Kava, an aspiring lending protocol, wants to rival Maker Protocol as a CDP platform that accepts a variety of assets as collateral. In a bid to bring liquidity to the protocol’s native stablecoin, USDX, Framework Ventures is proposing incentives to onboard more users.
But will this be enough to tackle DeFi behemoth MakerDAO?
Enhancing Kava’s Native Liquidity
Kava functions like a hybrid of Maker and what would be Ethereum 2.0.
The protocol’s native token, KAVA, is staked by entities that become validators for the network. These validators earn 3-20% annually for validating transactions.
Assets like BTC, BNB, XRP, and ATOM are used as collateral to mint a loan in USDX, similar to Maker’s use of ETH and ERC-20 assets. The borrower pays a stability fee when they close their loan.
In accepting so many different kinds of collateral and leveraging Cosmos’ interoperability features, Kava is hoping to expand DeFi beyond Ethereum.
A significant challenge lies ahead for Kava, however.
To financially scale and rival Maker, Kava needs to attract just as much usage. This traction is necessary to improve the low liquidity that the USDX stablecoin is currently experiencing.

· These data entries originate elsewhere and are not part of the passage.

(* Let $\Gamma$ be a finite group, $G=(V,E)$ a finite simple graph, $\phi:\Gamma\to\operatorname{Aut}(G)$ a homomorphism and $\tau:\Gamma\to O(\mathbb{R}^3)$ an injective homomorphism whose image $\tau(\Gamma)$ is one of the groups $C_i,C_s,C_2,C_{2v},C_{2h}$ below. If $(G,p)$ is a $\Gamma$-symmetric framework on $\mathcal{Y}$ (with respect to $\phi,\tau$) which is isostatic, then $G$ is $(2,2)$-tight and: - if $\tau(\Gamma)=C_i$: the element mapped to the inversion fixes no edge; - if $\tau(\Gamma)=C_s$: the element mapped to the reflection fixes no edge; - if $\tau(\Gamma)=C_2$: the element mapped to $c_2'$ fixes either exactly two edges and no vertex, or no edge and exactly one vertex; - if $\tau(\Gamma)=C_{2v}$: the elements mapped to $\sigma$ and $\sigma'$ fix no edge, and the element mapped to $c_2'$ fixes either exactly two edges and no vertex, or no edge and exactly one vertex; - if $\tau(\Gamma)=C_{2h}$: the elements mapped to $\sigma$ and to the inversion fix no edge, and the element mapped to $c_2'$ fixes exactly two edges and no vertex.
   Context: $\mathcal{Y}=\{(x,y,z)\in\mathbb{R}^3:x^2+y^2=1\}$. A framework on $\mathcal{Y}$ is a pair $(G,p)$, $G=(V,E)$ finite simple, $p:V\to\mathcal{Y}$ with $p(u)\ne p(v)$ for $uv\in E$. Its rigidity matrix $R_{\mathcal{Y}}(G,p)$ is the $(|E|+|V|)\times 3|V|$ matrix with, for each edge $v_iv_j$, a row with $p(v_i)-p(v_j)$ in the columns of $v_i$, $p(v_j)-p(v_i)$ in the columns of $v_j$, zeros elsewhere, and for each vertex $v_i$ with $p(v_i)=(x_i,y_i,z_i)$ a row with $(x_i,y_i,0)$ in the columns of $v_i$, zeros elsewhere. Trivial infinitesimal motions are $u_i=(0,0,a)+b(-y_i,x_i,0)$. $(G,p)$ is infinitesimally rigid if every kernel vector of $R_{\mathcal{Y}}(G,p)$ is trivial, independent if its rows are linearly independent, isostatic if both. $(G,p)$ is $\Gamma$-symmetric w.r.t. $\phi,\tau$ if $\tau(\gamma)p(v)=p(\phi(\gamma)v)$ for all $v,\gamma$. A vertex $v$ is fixed by $\gamma$ if $\phi(\gamma)v=v$; an edge $uv$ is fixed if $\phi(\gamma)$ fixes both endpoints or swaps them. A graph is $(2,2)$-sparse if every subgraph $(V',E')$ with $V'\neq\emptyset$ has $|E'|\le 2|V'|-2$, and $(2,2)$-tight if moreover $|E|=2|V|-2$. Symmetry operations: $\sigma$ = reflection in a plane containing the $z$-axis; $\sigma'$ = reflection in the $xy$-plane; $c_2'$ = half-turn about a line through the origin perpendicular to the $z$-axis; $\varphi=-I$ the inversion. Groups: $C_i=\{\mathrm{id},\varphi\}$; $C_s=\{\mathrm{id},\sigma\}$ or $\{\mathrm{id},\sigma'\}$; $C_2=\{\mathrm{id},c_2'\}$; $C_{2v}=\{\mathrm{id},\sigma,\sigma',c_2'\}$; $C_{2h}=\{\mathrm{id},\sigma,c_2',\varphi\}$ (with the axis of $c_2'$ perpendicular to the plane of $\sigma$). *)

theory Defs
  imports "HOL-Analysis.Analysis" "HOL-Algebra.Group"
begin

definition simple_graph :: "'v set \<Rightarrow> 'v set set \<Rightarrow> bool" where
  "simple_graph V E \<longleftrightarrow> finite V \<and>
     (\<forall>e\<in>E. \<exists>u v. e = {u, v} \<and> u \<noteq> v \<and> u \<in> V \<and> v \<in> V)"

definition on_cylinder :: "real^3 \<Rightarrow> bool" where
  "on_cylinder q \<longleftrightarrow> (q$1)^2 + (q$2)^2 = 1"

definition cyl_framework :: "'v set \<Rightarrow> 'v set set \<Rightarrow> ('v \<Rightarrow> real^3) \<Rightarrow> bool" where
  "cyl_framework V E p \<longleftrightarrow> simple_graph V E \<and> (\<forall>v\<in>V. on_cylinder (p v)) \<and>
     (\<forall>u v. {u, v} \<in> E \<longrightarrow> u \<noteq> v \<longrightarrow> p u \<noteq> p v)"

Framework Ventures, a DeFi-friendly venture firm, recently proposed a new incentive for borrowers that may help resolve Kava’s liquidity woes. The proposal suggests a diminishing inflation schedule on top of the inflation rewards directed to validators for staking.
To be clear, staking validators are not the same as users who open CDPs on Kava.
The new inflation proposal will encourage more borrowers to open CDPs and create a liquid, robust USDX market. Framework’s suggestion also includes a mechanism to curb exploitation.
Whales could hypothetically buy KAVA, mint USDX, claim their KAVA rewards, then burn the USDX (their debt), and sell their initial KAVA along with their reward for minting. This doesn’t help liquidity; the USDX is burnt, and the reward adds to market supply, creating downward pressure on price.
To curb this, Framework proposes a 52-week lock-in of earned KAVA tokens so minters have a reason to stick around and continue providing liquidity. Moreover, minters can’t immediately sell the rewards.
A community vote is scheduled for today to accept or reject the proposal.
The Opportunity: Cross-Chain DeFi
Ethereum’s DeFi stack had over $1.3 billion worth of tokens locked in during February 2020. It is by far the most liquid and comprehensive iteration of DeFi.
But a lack of interoperability between Ethereum and other blockchains proved hazardous during the latest market downturn. CEO of Kava Labs, Brian Kerr, said that:
“The turbulent market conditions exposed frailties in the design and ecosystem of specific DeFi applications like MakerDao and capability limitations of the Ethereum platform. While the situation presents valuable learning, it should be seen as specific failures in design and not attributed as problems the greater DeFi landscape will face.”
Inefficiencies in the Maker network have been subject to considerable attention in light of mass liquidations. Maker holders have also voted to hold an auction to help restore the protocol’s current deficit. Kerr added that the auction may be bearish in the near term, but “it’s necessary to return stability and balance to [Maker’s] system.”
Critically, Maker runs on Ethereum and can only integrate Ethereum-based assets. Although Maker recently added USDC as collateral, the project has been criticized for integrating a centralized asset issued by Circle.
Kava faces similar criticism, integrating fairly centralized assets like XRP and BNB that rely on a closed set of company selected validators.
However, the opportunity in cross-chain DeFi to help non-Ethereum chains join in on the DeFi narrative is compelling, and Kava could be vital to this.